This is the documentation for CDH 5.1.x. Documentation for other versions is available at Cloudera Documentation.

New Features and Changes for HBase in CDH 5

CDH 5.0.x and 5.1.x each include major upgrades to HBase. Each of these upgrades provides exciting new features, as well as things to keep in mind when upgrading from a previous version.

For new features introduced in CDH 5.0.x, skip to CDH 5.0.x HBase Changes.

CDH 5.1 HBase Changes

CDH 5.1 introduces HBase 0.98, which represents a major upgrade to HBase. This upgrade introduces several new features, including a section of features which are considered experimental and should not be used in a production environment. This overview provides information about the most important features, how to use them, and where to find out more information. Cloudera appreciates your feedback about these features.

In addition to HBase 0.98, Cloudera has pulled in changes from HBASE-10883, HBASE-10964, HBASE-10823, HBASE-10916, and HBASE-11275. Implications of these changes are detailed below and in the Release Notes.

BucketCache Block Cache

A new offheap BlockCache implementation, BucketCache, was introduced as an experimental feature in CDH 5 Beta 1, and is now fully supported in CDH 5.1. BucketCache can be used in either of the following two configurations:
  • As a CombinedBlockCache with both onheap and offheap caches.
  • As an L2 cache for the default onheap LruBlockCache

BucketCache requires less garbage-collection than SlabCache, which is the other offheap cache implementation in HBase. It also has many optional configuration settings for fine-tuning. All available settings are documented in the API documentation for CombinedBlockCache. Following is a simple example configuration.

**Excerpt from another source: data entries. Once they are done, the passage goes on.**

lemma directional_variance_thresh_le:
  "(\<integral>\<omega>. (th \<bullet> (thresh lam (X \<omega>) - thresh_mean))\<^sup>2 \<partial>M)
    \<le> (\<integral>\<omega>. (th \<bullet> (X \<omega> - expectation X))\<^sup>2 \<partial>M)
      + expectation (\<lambda>\<omega>. 1 - thresh_factor lam (X \<omega>)) * (th \<bullet> expectation X)\<^sup>2"
proof -
  define m where "m = expectation X"
  define s where "s \<omega> = thresh_factor lam (X \<omega>)" for \<omega>
  have s: "0 \<le> s \<omega>" "s \<omega> \<le> 1" for \<omega>
    using thresh_factor_nonneg[of lam "X \<omega>"] thresh_factor_le_1[of lam "X \<omega>"] by (auto simp: s_def)
  have int_s: "integrable M (\<lambda>\<omega>. 1 - s \<omega>)"
    unfolding s_def by (rule integrable_one_minus_thresh_factor)
  have int_inner_sq: "integrable M (\<lambda>\<omega>. (th \<bullet> (X \<omega> - m))\<^sup>2)"
    by (rule integrable_inner_sq[OF _ integrable_norm_diff_sq[OF X X_L2]]) measurable
  have int_thresh_inner_sq: "integrable M (\<lambda>\<omega>. (norm (th \<bullet> thresh lam (X \<omega>)))\<^sup>2)"
    using integrable_inner_sq[OF _ integrable_thresh_norm_sq, of th] by simp
  have "(\<integral>\<omega>. (th \<bullet> (thresh lam (X \<omega>) - thresh_mean))\<^sup>2 \<partial>M)
      = (\<integral>\<omega>. (norm (th \<bullet> thresh lam (X \<omega>) - expectation (\<lambda>\<omega>. th \<bullet> thresh lam (X \<omega>))))\<^sup>2 \<partial>M)"
    using integrable_thresh by (simp add: inner_diff_right)
  also have "\<dots> \<le> (\<integral>\<omega>. (norm (th \<bullet> thresh lam (X \<omega>) - th \<bullet> m))\<^sup>2 \<partial>M)"
    by (rule integral_norm_diff_expectation_sq_le[OF _ int_thresh_inner_sq]) measurable
  also have "\<dots> \<le> (\<integral>\<omega>. (th \<bullet> (X \<omega> - m))\<^sup>2 + (1 - s \<omega>) * (th \<bullet> m)\<^sup>2 \<partial>M)"
  proof (rule integral_mono)
    show "integrable M (\<lambda>\<omega>. (norm (th \<bullet> thresh lam (X \<omega>) - th \<bullet> m))\<^sup>2)"
      by (rule integrable_norm_diff_sq[OF _ int_thresh_inner_sq]) measurable
    show "integrable M (\<lambda>\<omega>. (th \<bullet> (X \<omega> - m))\<^sup>2 + (1 - s \<omega>) * (th \<bullet> m)\<^sup>2)"
      using int_inner_sq int_s by simp
    fix \<omega>
    have "th \<bullet> thresh lam (X \<omega>) - th \<bullet> m = s \<omega> * (th \<bullet> (X \<omega> - m)) - (1 - s \<omega>) * (th \<bullet> m)"
      by (simp add: s_def thresh_eq_scaleR[OF lam] inner_diff_right algebra_simps)
    with power2_diff_mult_le[OF s] show "(norm (th \<bullet> thresh lam (X \<omega>) - th \<bullet> m))\<^sup>2 \<le> (th \<bullet> (X \<omega> - m))\<^sup>2 + (1 - s \<omega>) * (th \<bullet> m)\<^sup>2"
      by simp
  qed
  also have "\<dots> = (\<integral>\<omega>. (th \<bullet> (X \<omega> - m))\<^sup>2 \<partial>M) + expectation (\<lambda>\<omega>. 1 - s \<omega>) * (th \<bullet> m)\<^sup>2"
    using int_inner_sq int_s by simp
  finally show ?thesis by (simp add: m_def s_def)
qed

  1. First, edit hbase-env.sh and set -XX:MaxDirectMemorySize to the total size of the desired onheap plus offheap, in this case, 5 GB (but expressed as 5G). To edit the configuration, use an Advanced Configuration Snippet if you use Cloudera Manager, or edit the file directly otherwise.
    -XX:MaxDirectMemorySize=5G
  2. Next, add the following configuration to hbase-site.xml. To edit the configuration, use an Advanced Configuration Snippet if you use Cloudera Manager, or edit the file directly otherwise. This configuration uses 80% of the -XX:MaxDirectMemorySize (4 GB) for offheap, and the remainder (1 GB) for onheap.
    <property>
      <name>hbase.bucketcache.ioengine</name>
      <value>offheap</value>
    </property>
    <property>
      <name>hbase.bucketcache.percentage.in.combinedcache</name>
      <value>0.8</value>
    </property>
    <property>
      <name>hbase.bucketcache.size</name>
      <value>5120</value>
    </property>
  3. Restart or rolling restart your cluster for the configuration to take effect.

Access Control for EXEC Permissions

A new access control level has been added to check whether a given user has EXEC permission. This can be specified at the level of the cluster, table, row, or cell.

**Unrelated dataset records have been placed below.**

(* Let $V\in\mathcal C(S^1)$ be odd and let $f\ge0$ be a ($\mathcal C^1$) solution of (TP) with $D=0$ that is time-periodic, i.e. $f(T,\cdot)=f(0,\cdot)$ for some $T>0$ (and $f(t+T,\cdot)=f(t,\cdot)$). Then $f$ is a stationary solution.
   Context: $S^1=\mathbb R/\mathbb Z$; $(V*f)(\theta)=\int_{S^1}V(\theta-\psi)f(\psi)d\psi$. Equation (TP) with $D=0$: $\partial_tf=\partial_\theta((V*f)f)$. *)

theory Defs
  imports "HOL-Analysis.Analysis"
begin

text \<open>Functions on S^1 = R/Z are represented as 1-periodic functions on R.
  Convolution on S^1: (V * g)(theta) = integral over one period of V(theta - psi) g(psi).\<close>

definition circ_conv :: "(real \<Rightarrow> real) \<Rightarrow> (real \<Rightarrow> real) \<Rightarrow> real \<Rightarrow> real" where
  "circ_conv V g \<theta> = integral {0..1} (\<lambda>\<psi>. V (\<theta> - \<psi>) * g \<psi>)"

end

theory Submission
  imports Defs "HOL-Library.Periodic_Fun"
begin

(* Let W be a primitive of V; since V is odd and 1-periodic, W is even and 1-periodic.
   The interaction energy  E(t) = \<integral>\<integral>_[0,1]^2 W(x - y) f(t,x) f(t,y)  is a Lyapunov
   functional: differentiating under the integral, using the symmetry of W and integrating
   by parts in x (all boundary terms cancel by periodicity) gives
       E'(t) = - 2 \<integral>_[0,1] c(t,x)^2 f(t,x) dx  \<le> 0.
   A nonincreasing T-periodic function is constant, hence E' = 0, so c^2 f = 0 and thus
   c f = 0 on [0,1], and by periodicity everywhere.  Then f_t = (c f)_x = 0, i.e. f is
   stationary. *)

text \<open>A function of (t, x) that is continuous in t and has a partial x-derivative which is
  jointly continuous, is jointly continuous (the x-derivative gives a local Lipschitz bound).\<close>

lemma joint_continuity_from_partial_derivative:
  fixes f fx :: "real \<Rightarrow> real \<Rightarrow> real"
  assumes cont_t: "\<And>t x. t \<ge> 0 \<Longrightarrow> continuous (at t within {0..}) (\<lambda>s. f s x)"
    and deriv_x: "\<And>t x. t \<ge> 0 \<Longrightarrow> ((\<lambda>y. f t y) has_real_derivative fx t x) (at x)"
    and cont_fx: "continuous_on ({0..} \<times> UNIV) (\<lambda>(t, x). fx t x)"
  shows "continuous_on ({0..} \<times> UNIV) (\<lambda>(t, x). f t x)"
  unfolding continuous_on_iff
proof (intro ballI allI impI)
  fix p :: "real \<times> real" and e :: real
  assume p: "p \<in> {0..} \<times> UNIV" and e: "e > 0"
  obtain t0 x0 where p_eq: "p = (t0, x0)" by (cases p)
  have t0: "t0 \<ge> 0" using p p_eq by auto
  define K where "K = {0..t0 + 1} \<times> {x0 - 1..x0 + 1}"
  have "compact ((\<lambda>(t, x). fx t x) ` K)"
    unfolding K_def
    by (intro compact_continuous_image compact_Times compact_Icc continuous_on_subset[OF cont_fx]) auto
  then obtain M where M: "M > 0" "\<forall>y\<in>(\<lambda>(t, x). fx t x) ` K. norm y \<le> M"
    using compact_imp_bounded bounded_pos by blast
  have fx_bound: "\<bar>fx t x\<bar> \<le> M" if "t \<in> {0..t0 + 1}" "x \<in> {x0 - 1..x0 + 1}" for t x
    using M(2) that unfolding K_def by force
  obtain d1 where d1: "d1 > 0" "\<forall>s\<in>{0..}. dist s t0 < d1 \<longrightarrow> dist (f s x0) (f t0 x0) < e / 2"
    using cont_t[OF t0, of x0] e unfolding continuous_within_eps_delta by (meson half_gt_zero)
  define d where "d = min 1 (min d1 (e / (2 * M)))"
  show "\<exists>d>0. \<forall>q\<in>{0..} \<times> UNIV. dist q p < d \<longrightarrow>
          dist ((\<lambda>(t, x). f t x) q) ((\<lambda>(t, x). f t x) p) < e"
  proof (intro exI[of _ d] conjI ballI impI)
    show "d > 0" using d1 e M by (simp add: d_def)
    fix q assume q: "q \<in> {0..} \<times> UNIV" "dist q p < d"
    obtain t x where q_eq: "q = (t, x)" by (cases q)
    have dt: "\<bar>t - t0\<bar> < d" and dx: "\<bar>x - x0\<bar> < d"
      using q(2) dist_fst_le[of q p] dist_snd_le[of q p] by (auto simp: p_eq q_eq dist_real_def)
    have t: "t \<ge> 0" "t \<in> {0..t0 + 1}" using q(1) dt by (auto simp: q_eq d_def)
    have "\<bar>f t x - f t x0\<bar> \<le> M * \<bar>x - x0\<bar>"
    proof (rule field_differentiable_bound[of "{x0 - 1..x0 + 1}" "\<lambda>y. f t y" "\<lambda>y. fx t y" M x x0,
          unfolded real_norm_def])
      show "((\<lambda>y. f t y) has_field_derivative fx t z) (at z within {x0 - 1..x0 + 1})" for z
        using deriv_x[OF t(1)] has_field_derivative_at_within by blast
    qed (use fx_bound[OF t(2)] dx in \<open>auto simp: d_def\<close>)
    also have "\<dots> \<le> M * (e / (2 * M))"
      using dx M by (intro mult_left_mono) (auto simp: d_def)
    also have "\<dots> = e / 2" using M by simp
    finally have space: "\<bar>f t x - f t x0\<bar> \<le> e / 2" .
    have time: "\<bar>f t x0 - f t0 x0\<bar> < e / 2"
      using d1 t dt by (auto simp: d_def dist_real_def)
    have "\<bar>f t x - f t0 x0\<bar> < e" using space time by arith
    then show "dist ((\<lambda>(t, x). f t x) q) ((\<lambda>(t, x). f t x) p) < e"
      by (simp add: p_eq q_eq dist_real_def)
  qed
qed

To use EXEC permissions, perform the following procedure.
  • Install the AccessController coprocessor either as a system coprocessor or on a table as a table coprocessor.
  • Set the hbase.security.exec.permission.checks configuration setting in hbase-site.xml to true. To edit the configuration, use an Advanced Configuration Snippet if you use Cloudera Manager, or edit the file directly otherwise.

For more information on setting and revoking security permissions, see the Access Control section of the Apache HBase Reference Guide.

Reverse Scan API

A reverse scan API has been introduced. This allows you to scan a table in reverse. Previously, if you wanted to be able to access your data in either direction, you needed to store the data in two separate tables, each ordered differently. This feature was implemented in HBASE-4811.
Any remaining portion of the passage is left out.